L'errore fondamentale degli economisti consiste nel far coincidere, secondo una sorta di uguaglianza, l'economia umana con l'economia di mercato. Ma a differenza della società occidentale, la realtà economica delle comunità tradizionali è costituita essenzialmente da unità produttive familiari e non da imprese d'affari. In queste società non dominate dal mercato, il lavoro e la terra non sono trattate come merce e la produzione in genere non è destinata alla vendita, se non in piccola parte. Mentre nella società capitalistica l'economia è totalmente separata dal sociale, nelle comunità indigene è del tutto immersa nel sistema sociale e culturale, di cui è parte integrante. L'attività economica, pertanto, non è strutturalmente differente dalle altre attività sociali.

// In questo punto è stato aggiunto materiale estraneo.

lemma jacobson_mult_left: "x \<in> jacobson \<Longrightarrow> r * (x::'a::ring_1) \<in> jacobson"
  by (rule left_idealD(4)[OF left_ideal_jacobson])

lemma jacobson_diff: "x \<in> jacobson \<Longrightarrow> y \<in> jacobson \<Longrightarrow> (x::'a::ring_1) - y \<in> jacobson"
  using jacobson_add[of x "- y"] jacobson_uminus[of y] by simp

lemma left_ideal_range_mult_right: "left_ideal (range (\<lambda>s. s * (y::'a::ring_1)))"
proof (rule left_idealI)
  show "0 \<in> range (\<lambda>s. s * y)" using rangeI[of "\<lambda>s. s * y" 0] by simp
next
  fix a b assume "a \<in> range (\<lambda>s. s * y)" "b \<in> range (\<lambda>s. s * y)"
  then obtain s t where "a = s * y" "b = t * y" by blast
  then have "a + b = (s + t) * y" by (simp add: distrib_right)
  then show "a + b \<in> range (\<lambda>s. s * y)" by blast
next
  fix r a assume "a \<in> range (\<lambda>s. s * y)"
  then obtain s where "a = s * y" by blast
  then have "- a = (- s) * y" and "r * a = (r * s) * y" by (simp_all add: mult.assoc)
  then show "- a \<in> range (\<lambda>s. s * y)" and "r * a \<in> range (\<lambda>s. s * y)" by blast+
qed

lemma left_ideal_add_left_multiples:
  assumes M: "left_ideal (M::'a::ring_1 set)"
  shows "left_ideal {m + r * x | m r. m \<in> M}" (is "left_ideal ?K")
proof (rule left_idealI)
  have "0 = 0 + 0 * x" by simp
  then show "0 \<in> ?K" using left_idealD(1)[OF M] by blast
next
  fix a b assume "a \<in> ?K" "b \<in> ?K"
  then obtain m r n t where "m \<in> M" "n \<in> M" "a = m + r * x" "b = n + t * x" by blast
  moreover have "m + r * x + (n + t * x) = (m + n) + (r + t) * x" by (simp add: algebra_simps)
  ultimately show "a + b \<in> ?K" using left_idealD(2)[OF M] by blast
next
  fix c a assume "a \<in> ?K"
  then obtain m r where "m \<in> M" "a = m + r * x" by blast
  moreover have "- (m + r * x) = - m + (- r) * x" and "c * (m + r * x) = c * m + (c * r) * x"
    by (simp_all add: algebra_simps)
  ultimately show "- a \<in> ?K" and "c * a \<in> ?K" using left_idealD(3,4)[OF M] by blast+
qed

lemma jacobson_imp_left_invertible:
  assumes "(x::'a::ring_1) \<in> jacobson"
  shows "\<exists>s. s * (1 - r * x) = 1"
proof (rule ccontr)
  assume "\<nexists>s. s * (1 - r * x) = 1"
  then have "1 \<notin> range (\<lambda>s. s * (1 - r * x))" by force
  then obtain M where M: "maximal_left_ideal M" and sub: "range (\<lambda>s. s * (1 - r * x)) \<subseteq> M"
    using exists_maximal_left_ideal left_ideal_range_mult_right by blast
  then have M_ideal: "left_ideal M" and "1 \<notin> M"
    unfolding maximal_left_ideal_def using left_ideal_one_imp_UNIV by blast+
  have "1 - r * x \<in> M" using sub rangeI[of "\<lambda>s. s * (1 - r * x)" 1] by auto
  moreover have "x \<in> M" using assms M unfolding jacobson_def by blast
  then have "r * x \<in> M" by (rule left_idealD(4)[OF M_ideal])
  ultimately have "(1 - r * x) + r * x \<in> M" by (rule left_idealD(2)[OF M_ideal])
  with \<open>1 \<notin> M\<close> show False by simp
qed

lemma left_invertible_imp_jacobson:
  assumes inv: "\<And>r. \<exists>s. s * (1 - r * x) = 1"
  shows "(x::'a::ring_1) \<in> jacobson"
  unfolding jacobson_def
proof
  fix M :: "'a set" assume "M \<in> {I. maximal_left_ideal I}"
  then have M: "left_ideal M" "1 \<notin> M" "\<And>K. left_ideal K \<Longrightarrow> M \<subseteq> K \<Longrightarrow> K = M \<or> K = UNIV"
    unfolding maximal_left_ideal_def using left_ideal_one_imp_UNIV by blast+
  show "x \<in> M"
  proof (rule ccontr)
    assume "x \<notin> M"
    define K where "K = {m + r * x | m r. m \<in> M}"
    have "m = m + 0 * x" for m by simp
    then have "M \<subseteq> K" unfolding K_def by blast
    moreover have "x = 0 + 1 * x" by simp
    then have "x \<in> K" using left_idealD(1)[OF M(1)] unfolding K_def by blast
    moreover have "left_ideal K" unfolding K_def by (rule left_ideal_add_left_multiples[OF M(1)])
    ultimately have "K = UNIV" using M(3)[of K] \<open>x \<notin> M\<close> by blast
    then obtain m r where "m \<in> M" and "1 = m + r * x" unfolding K_def by blast
    then have "m = 1 - r * x" by (simp add: eq_diff_eq)
    moreover obtain s where "s * (1 - r * x) = 1" using inv by blast
    ultimately have "1 = s * m" by simp
    with left_idealD(4)[OF M(1) \<open>m \<in> M\<close>, of s] M(2) show False by simp
  qed
qed

lemma commuting_idempotents_eq_if_diff_in_jacobson:
  fixes e f :: "'a::ring_1"
  assumes e: "e * e = e" and f: "f * f = f" and comm: "e * f = f * e"
    and J: "e - f \<in> jacobson"
  shows "e = f"
proof -
  define w where "w = e - f"
  have ww: "w * w = e + f - 2 * (e * f)"
    unfolding w_def by (simp add: algebra_simps e f comm mult_2)
  have "e * (e * f) = e * f" "f * (e * f) = e * f" "f * (f * e) = f * e" "e * (f * e) = f * e"
    by (metis e f comm mult.assoc)+
  then have www: "w * w * w = w"
    unfolding ww unfolding w_def by (simp add: algebra_simps e f comm mult_2)
  obtain s where s: "s * (1 - w * w) = 1"
    using jacobson_imp_left_invertible J unfolding w_def by blast
  have "w = s * (1 - w * w) * w" using s by simp
  also have "\<dots> = s * (w - w * w * w)" by (simp add: algebra_simps)
  also have "\<dots> = 0" using www by simp
  finally show ?thesis unfolding w_def by simp
qed

lemma central_in_jacobson_if_square_in_jacobson:
  fixes c :: "'a::ring_1"
  assumes central: "\<And>y. c * y = y * c" and J: "c * c \<in> jacobson"
  shows "c \<in> jacobson"
proof (rule left_invertible_imp_jacobson)
  fix r
  obtain t where t: "t * (1 - (r * r) * (c * c)) = 1"
    using jacobson_imp_left_invertible[OF J] by blast
  have "r * c * (r * c) = (r * r) * (c * c)"
    by (simp add: mult.assoc central[of "r * c"])
  then have "(1 + r * c) * (1 - r * c) = 1 - (r * r) * (c * c)"
    by (simp add: algebra_simps)
  with t have "(t * (1 + r * c)) * (1 - r * c) = 1" by (simp add: mult.assoc)
  then show "\<exists>s. s * (1 - r * c) = 1" by blast
qed

lemma surj_ring_hom_jacobson:
  fixes \<phi> :: "'a::ring_1 \<Rightarrow> 'b::ring_1"
  assumes mult: "\<And>x y. \<phi> (x * y) = \<phi> x * \<phi> y" and diff: "\<And>x y. \<phi> (x - y) = \<phi> x - \<phi> y"
    and one: "\<phi> 1 = 1" and "surj \<phi>" and x: "x \<in> jacobson"
  shows "\<phi> x \<in> jacobson"
proof (rule left_invertible_imp_jacobson)
  fix r
  obtain r' where r: "r = \<phi> r'" using \<open>surj \<phi>\<close> by (metis surjD)
  obtain s where s: "s * (1 - r' * x) = 1" using jacobson_imp_left_invertible[OF x] by blast
  have "\<phi> s * (1 - r * \<phi> x) = \<phi> (s * (1 - r' * x))" by (simp add: mult diff one r)
  then have "\<phi> s * (1 - r * \<phi> x) = 1" by (simp add: s one)
  then show "\<exists>s. s * (1 - r * \<phi> x) = 1" by blast
qed

section \<open>Strongly J-*-clean rings\<close>

lemma is_involutionD:
  assumes "is_involution st"
  shows "st 0 = 0" "st 1 = 1" "st (- x) = - st x" "st (x - y) = st x - st y"
    "st (x + y) = st x + st y" "st (x * y) = st y * st x" "st (st x) = x"
proof -
  have add: "\<And>x y. st (x + y) = st x + st y" and mult: "\<And>x y. st (x * y) = st y * st x"
    and invol: "\<And>x. st (st x) = x"
    using assms unfolding is_involution_def by auto
  show zero: "st 0 = 0" using add[of 0 0] by simp
  have "st (st 1 * 1) = st 1 * st (st 1)" by (rule mult)
  then show "st 1 = 1" using invol by simp
  show uminus: "\<And>x. st (- x) = - st x" using add zero by (metis add.right_inverse minus_unique)
  show "st (x - y) = st x - st y" using add uminus by (metis diff_conv_add_uminus)
  show "st (x + y) = st x + st y" "st (x * y) = st y * st x" "st (st x) = x"
    using add mult invol by auto
qed

lemma strongly_J_star_cleanE:
  assumes "strongly_J_star_clean st"
  obtains e u where "e * e = e" "st e = e" "u \<in> jacobson" "a = e + u" "a * e = e * a"
  using assms unfolding strongly_J_star_clean_def projection_def by blast

lemma strongly_J_star_clean_idempotent_fixed:
  fixes st :: "'a::ring_1 \<Rightarrow> 'a"
  assumes "strongly_J_star_clean st" and f: "f * f = f"
  shows "st f = f"
proof -
  obtain e u where "e * e = e" "st e = e" "u \<in> jacobson" "f = e + u" "f * e = e * f"
    using assms(1) by (rule strongly_J_star_cleanE)
  moreover from \<open>f = e + u\<close> have "f - e = u" by simp
  ultimately have "f = e" using f commuting_idempotents_eq_if_diff_in_jacobson[of f e] by simp
  with \<open>st e = e\<close> show ?thesis by simp
qed

lemma idempotent_mult_complement_eq_zero:
  fixes st :: "'a::ring_1 \<Rightarrow> 'a" and e x :: 'a
  assumes inv: "is_involution st" and proj: "\<And>f. f * f = f \<Longrightarrow> st f = f" and e: "e * e = e"
  shows "e * x * (1 - e) = 0"
proof -
  define y where "y = e * x * (1 - e)"
  have e_compl: "e * (1 - e) = 0" "(1 - e) * e = 0"
    using e by (simp_all add: right_diff_distrib left_diff_distrib)
  have "e * y = y" unfolding y_def by (simp add: mult.assoc[symmetric] e)
  moreover have "y * e = 0" unfolding y_def by (simp add: mult.assoc e_compl)
  moreover have "y * y = 0"
    unfolding y_def by (simp add: mult.assoc) (simp add: mult.assoc[symmetric] e_compl)
  ultimately have "(e + y) * (e + y) = e + y" by (simp add: distrib_left distrib_right e)
  then have "e + y = st (e + y)" by (rule proj[symmetric])
  also have "\<dots> = e + (1 - e) * st x * e"
    unfolding y_def using is_involutionD[OF inv] proj[OF e] by (simp add: mult.assoc)
  finally have "e * (e + y) = e * (e + (1 - e) * st x * e)" by simp
  then show ?thesis
    using \<open>e * y = y\<close> by (simp add: distrib_left e mult.assoc[symmetric] e_compl y_def)
qed

lemma idempotent_central_if_idempotents_fixed:
  fixes st :: "'a::ring_1 \<Rightarrow> 'a" and e x :: 'a
  assumes inv: "is_involution st" and proj: "\<And>f. f * f = f \<Longrightarrow> st f = f" and e: "e * e = e"
  shows "e * x = x * e"
proof -
  have "(1 - e) * (1 - e) = 1 - e" using e by (simp add: algebra_simps)
  from idempotent_mult_complement_eq_zero[OF inv proj this, of x]
  have "x * e = e * x * e" by (simp add: left_diff_distrib)
  moreover from idempotent_mult_complement_eq_zero[OF inv proj e, of x]
  have "e * x = e * x * e" by (simp add: right_diff_distrib)
  ultimately show ?thesis by simp
qed

lemma strongly_J_star_clean_idempotent_central:
  fixes st :: "'a::ring_1 \<Rightarrow> 'a" and e x :: 'a
  assumes "is_involution st" and "strongly_J_star_clean st" and "e * e = e"
  shows "e * x = x * e"
  using idempotent_central_if_idempotents_fixed[OF assms(1)
      strongly_J_star_clean_idempotent_fixed[OF assms(2)] assms(3)] .

lemma strongly_J_star_clean_two_in_jacobson:
  assumes "strongly_J_star_clean (st :: 'a::ring_1 \<Rightarrow> 'a)"
  shows "(2::'a) \<in> jacobson"
proof -
  obtain e u :: 'a where e: "e * e = e" and u: "u \<in> jacobson" and decomp: "-1 = e + u"
    using strongly_J_star_cleanE[OF assms, of "-1"] by blast
  from decomp have "u = -1 - e" by (simp add: eq_diff_eq add.commute)
  then have eu: "e * u = u * e" by (simp only:) (simp add: algebra_simps)
  have "(-1::'a) - (-1) * (-1) = u - e * u - e * u - u * u"
    unfolding decomp by (simp add: algebra_simps e eu)
  moreover have "u - e * u - e * u - u * u \<in> jacobson"
    using u jacobson_diff jacobson_mult_left by blast
  ultimately have "- 2 \<in> (jacobson :: 'a set)" by simp
  then show ?thesis using jacobson_uminus by fastforce
qed

section \<open>The ring \<open>R[i]\<close>\<close>

lemma GI_arith:
  fixes a b c d :: "'a::ring_1"
  shows "GI a b + GI c d = GI (a + c) (b + d)"
    and "GI a b - GI c d = GI (a - c) (b - d)"
    and "- GI a b = GI (- a) (- b)"
    and "GI a b * GI c d = GI (a * c - b * d) (a * d + b * c)"
    and "(0::'a gi) = GI 0 0"
    and "(1::'a gi) = GI 1 0"
  by (simp_all add: plus_gi_def minus_gi_def uminus_gi_def times_gi_def zero_gi_def one_gi_def)

lemma gi_star_GI: "gi_star st (GI a b) = GI (st a) (st b)"
  by (simp add: gi_star_def)

lemma is_involution_gi_star:
  fixes st :: "'a::ring_1 \<Rightarrow> 'a"
  assumes "is_involution st"
  shows "is_involution (gi_star st)"
  unfolding is_involution_def
proof (intro conjI allI)
  fix x y :: "'a gi"
  obtain a b c d where xy: "x = GI a b" "y = GI c d" by (cases x, cases y)
  show "gi_star st (x + y) = gi_star st x + gi_star st y"
    and "gi_star st (x * y) = gi_star st y * gi_star st x"
    and "gi_star st (gi_star st x) = x"
    unfolding xy by (simp_all add: GI_arith gi_star_GI is_involutionD[OF assms] add.commute)
qed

Ma il tentativo di inserire le popolazioni native in una logica economica occidentale risale al periodo coloniale. Da una parte vi era la spinta moralizzatrice che intendeva diffondere i valori occidentali, molti dei quali avevano un contenuto prevalentemente economico, come l'etica del lavoro o la proprietà privata della terra. Dall'altra vi era l'esigenza di sfruttare le risorse delle colonie, soprattutto attraverso l'uso della manodopera indigena, che veniva costretta a lavorare, anche se queste popolazioni non erano affatto desiderose di lavorare per gli occidentali. Per superare questo problema si ricorreva spesso ai lavori forzati. Per fare solo alcuni esempi nella colonia olandese di Celebes, come pure in Africa e in America, gli indigeni dovevano sottostare a due mesi di lavori forzati all'anno. Questa corvée veniva considerata come una tassa giustificata dal fatto che non possedendo denaro potevano pagarla attraverso la forza lavoro. Nell'Africa Occidentale francese, con un decreto del 1926, ogni uomo aveva l'obbligo di lavorare per tre anni alla costruzione di strade, ferrovie e altri progetti di sviluppo. E così in molti altri paesi fino a quando il lavoro forzato non venne ufficialmente abolito dalla comunità mondiale nel 1957.

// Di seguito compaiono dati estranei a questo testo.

(* Steady state of the n-layer one-site PTM cascade.  Concentrations:
   S0 i = S_i^0, S1 i = S_i^1 (with S1 0 = E), F i = F_i, Y0 i = Y_i^0, Y1 i = Y_i^1,
   for i = 1..n.  Y_{n+1}^0 := 0. *)
definition steady_state ::
  "nat \<Rightarrow> (nat \<Rightarrow> real) \<Rightarrow> (nat \<Rightarrow> real) \<Rightarrow> (nat \<Rightarrow> real) \<Rightarrow> real \<Rightarrow> (nat \<Rightarrow> real) \<Rightarrow> (nat \<Rightarrow> real)
   \<Rightarrow> (nat \<Rightarrow> real) \<Rightarrow> (nat \<Rightarrow> real) \<Rightarrow> (nat \<Rightarrow> real) \<Rightarrow> (nat \<Rightarrow> real) \<Rightarrow> (nat \<Rightarrow> real) \<Rightarrow> bool" where
  "steady_state n dl gm lm Eb Fb Sb S0 S1 F Y0 Y1 \<longleftrightarrow>
     (\<forall>i\<in>{1..n}.
        Y0 i = gm i * F i * S1 i \<and>
        Y1 i = dl i * F i * S1 i \<and>
        lm i * F i * S1 i = S0 i * S1 (i - 1) \<and>
        Fb i = F i + Y1 i \<and>
        Sb i = S0 i + S1 i + Y0 i + Y1 i + (if i = n then 0 else Y0 (i + 1))) \<and>
     Eb = S1 0 + Y0 1"

definition bmss ::
  "nat \<Rightarrow> (nat \<Rightarrow> real) \<Rightarrow> (nat \<Rightarrow> real) \<Rightarrow> (nat \<Rightarrow> real) \<Rightarrow> real \<Rightarrow> (nat \<Rightarrow> real) \<Rightarrow> (nat \<Rightarrow> real)
   \<Rightarrow> (nat \<Rightarrow> real) \<Rightarrow> (nat \<Rightarrow> real) \<Rightarrow> (nat \<Rightarrow> real) \<Rightarrow> (nat \<Rightarrow> real) \<Rightarrow> (nat \<Rightarrow> real) \<Rightarrow> bool" where
  "bmss n dl gm lm Eb Fb Sb S0 S1 F Y0 Y1 \<longleftrightarrow>
     steady_state n dl gm lm Eb Fb Sb S0 S1 F Y0 Y1 \<and>
     S1 0 \<ge> 0 \<and>
     (\<forall>i\<in>{1..n}. S0 i \<ge> 0 \<and> S1 i \<ge> 0 \<and> F i \<ge> 0 \<and> Y0 i \<ge> 0 \<and> Y1 i \<ge> 0)"

end

theory Submission
  imports Defs "HOL-Computational_Algebra.Field_as_Ring"
begin

(* The rational function r is built from the variable s by the
   recursion f_{i-1} = lambda_i Fbar_i f_i / d_i(f_i, f^Y_{i+1}), f^Y_i = g^Y_i(f_i).
   Running the same recursion on real numbers, starting from a real s, gives
   real values x_k, y_k (the cascade evaluated at s), and as long as no
   denominator vanishes these are the values of the rational functions at s.

   Compare this real cascade with the BMSS.  Layer by layer (from i = n down to 1)
   one shows: if 0 < x <= S_i^1 and 0 <= y <= Y_{i+1}^0, then the next values
   satisfy 0 < x' <= S_{i-1}^1 and 0 <= y' <= Y_i^0, with strict inequality for x'
   when x < S_i^1, and with equality throughout when started from the steady
   state itself.  Hence r(s) < S_0^1 + Y_1^0 = Ebar for 0 < s < S_n^1, and
   r(S_n^1) = Ebar.  Since r = r_1/r_2 is reduced, r_2 does not vanish where r
   has a value, so P = Ebar r_2 - r_1 vanishes at S_n^1 but nowhere in (0, S_n^1). *)

(* This is a
   relation rather than a function, as it is only defined where q is regular. *)
definition has_value_at :: "real \<Rightarrow> ratfun \<Rightarrow> real \<Rightarrow> bool" where
  "has_value_at s q v \<longleftrightarrow> (\<exists>p d. poly d s \<noteq> 0 \<and> q = Fract p d \<and> v = poly p s / poly d s)"

lemma has_value_atI: "poly d s \<noteq> 0 \<Longrightarrow> has_value_at s (Fract p d) (poly p s / poly d s)"
  unfolding has_value_at_def by blast

lemma has_value_atE:
  assumes "has_value_at s q v"
  obtains p d where "d \<noteq> 0" "poly d s \<noteq> 0" "q = Fract p d" "v = poly p s / poly d s"
proof -
  from assms obtain p d where "poly d s \<noteq> 0" "q = Fract p d" "v = poly p s / poly d s"
    unfolding has_value_at_def by blast
  moreover from this have "d \<noteq> 0"
    by auto
  ultimately show ?thesis
    using that by blast
qed

lemma has_value_at_const: "has_value_at s (rconst c) c"
  using has_value_atI[of 1 s "[:c:]"] by (simp add: rconst_def)

lemma has_value_at_var: "has_value_at s rvar s"
  using has_value_atI[of 1 s "[:0, 1:]"] by (simp add: rvar_def)

lemma has_value_at_zero: "has_value_at s 0 0"
  using has_value_atI[of 1 s 0] by (simp add: Zero_fract_def)

lemma has_value_at_one: "has_value_at s 1 1"
  using has_value_atI[of 1 s 1] by (simp add: One_fract_def)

Nelle zone di produzione della gomma bande armate assaltavano i villaggi per rapire gli indios e costringerli a lavorare nelle piantagioni con il duplice scopo di ottenere manodopera ed "educare" gli indigeni all'etica del lavoro: "Non è strano dunque che esista la crudele pratica delle correrias che consiste nel sorprendere i membri di una tribù nelle loro case e farli prigionieri. I prigionieri vengono presi per essere portati in zone lontane a lavorare... Questo tipo di catechizzazzione ha il vantaggio di far sì che l'individuo abbia l'idea precisa dell'importanza che il suo lavoro riveste nel commercio dei popoli civilizzati... [sottolineatura mia] ...Nel nostro secolo, questa pratica è crudele e ferisce nel più profondo la nostra sensibilità; ma si deve riconoscere che essa fornisce alla civilizzazione uno straordinario e rapido aiuto". (Conferencia sobre la colonizacion de Loreto).
Nel periodo coloniale la violenza è stata uno degli strumenti principali per indurre le popolazioni indigene ad un cambiamento del loro sistema di vita in funzione delle esigenze occidentali, anche perché si è sempre ritenuto che la vita di un indios non valesse niente. In Chiapas era opinione comune tra i bianchi ed i "coletos", almeno fino alla rivolta del 1994, che la vita di un pollo valesse più di quella di un indios. Nel 1972 l'antropologo Bernar Arcand fu testimone diretto di un attacco armato ad un villaggio indigeno colombiano da parte dei coloni, durante il quale rimasero uccisi 15 indios. Durante il processo, che si concluse con un assoluzione, uno di questi assassini affermò candidamente: "non credevo che fosse illegale dato che erano indios".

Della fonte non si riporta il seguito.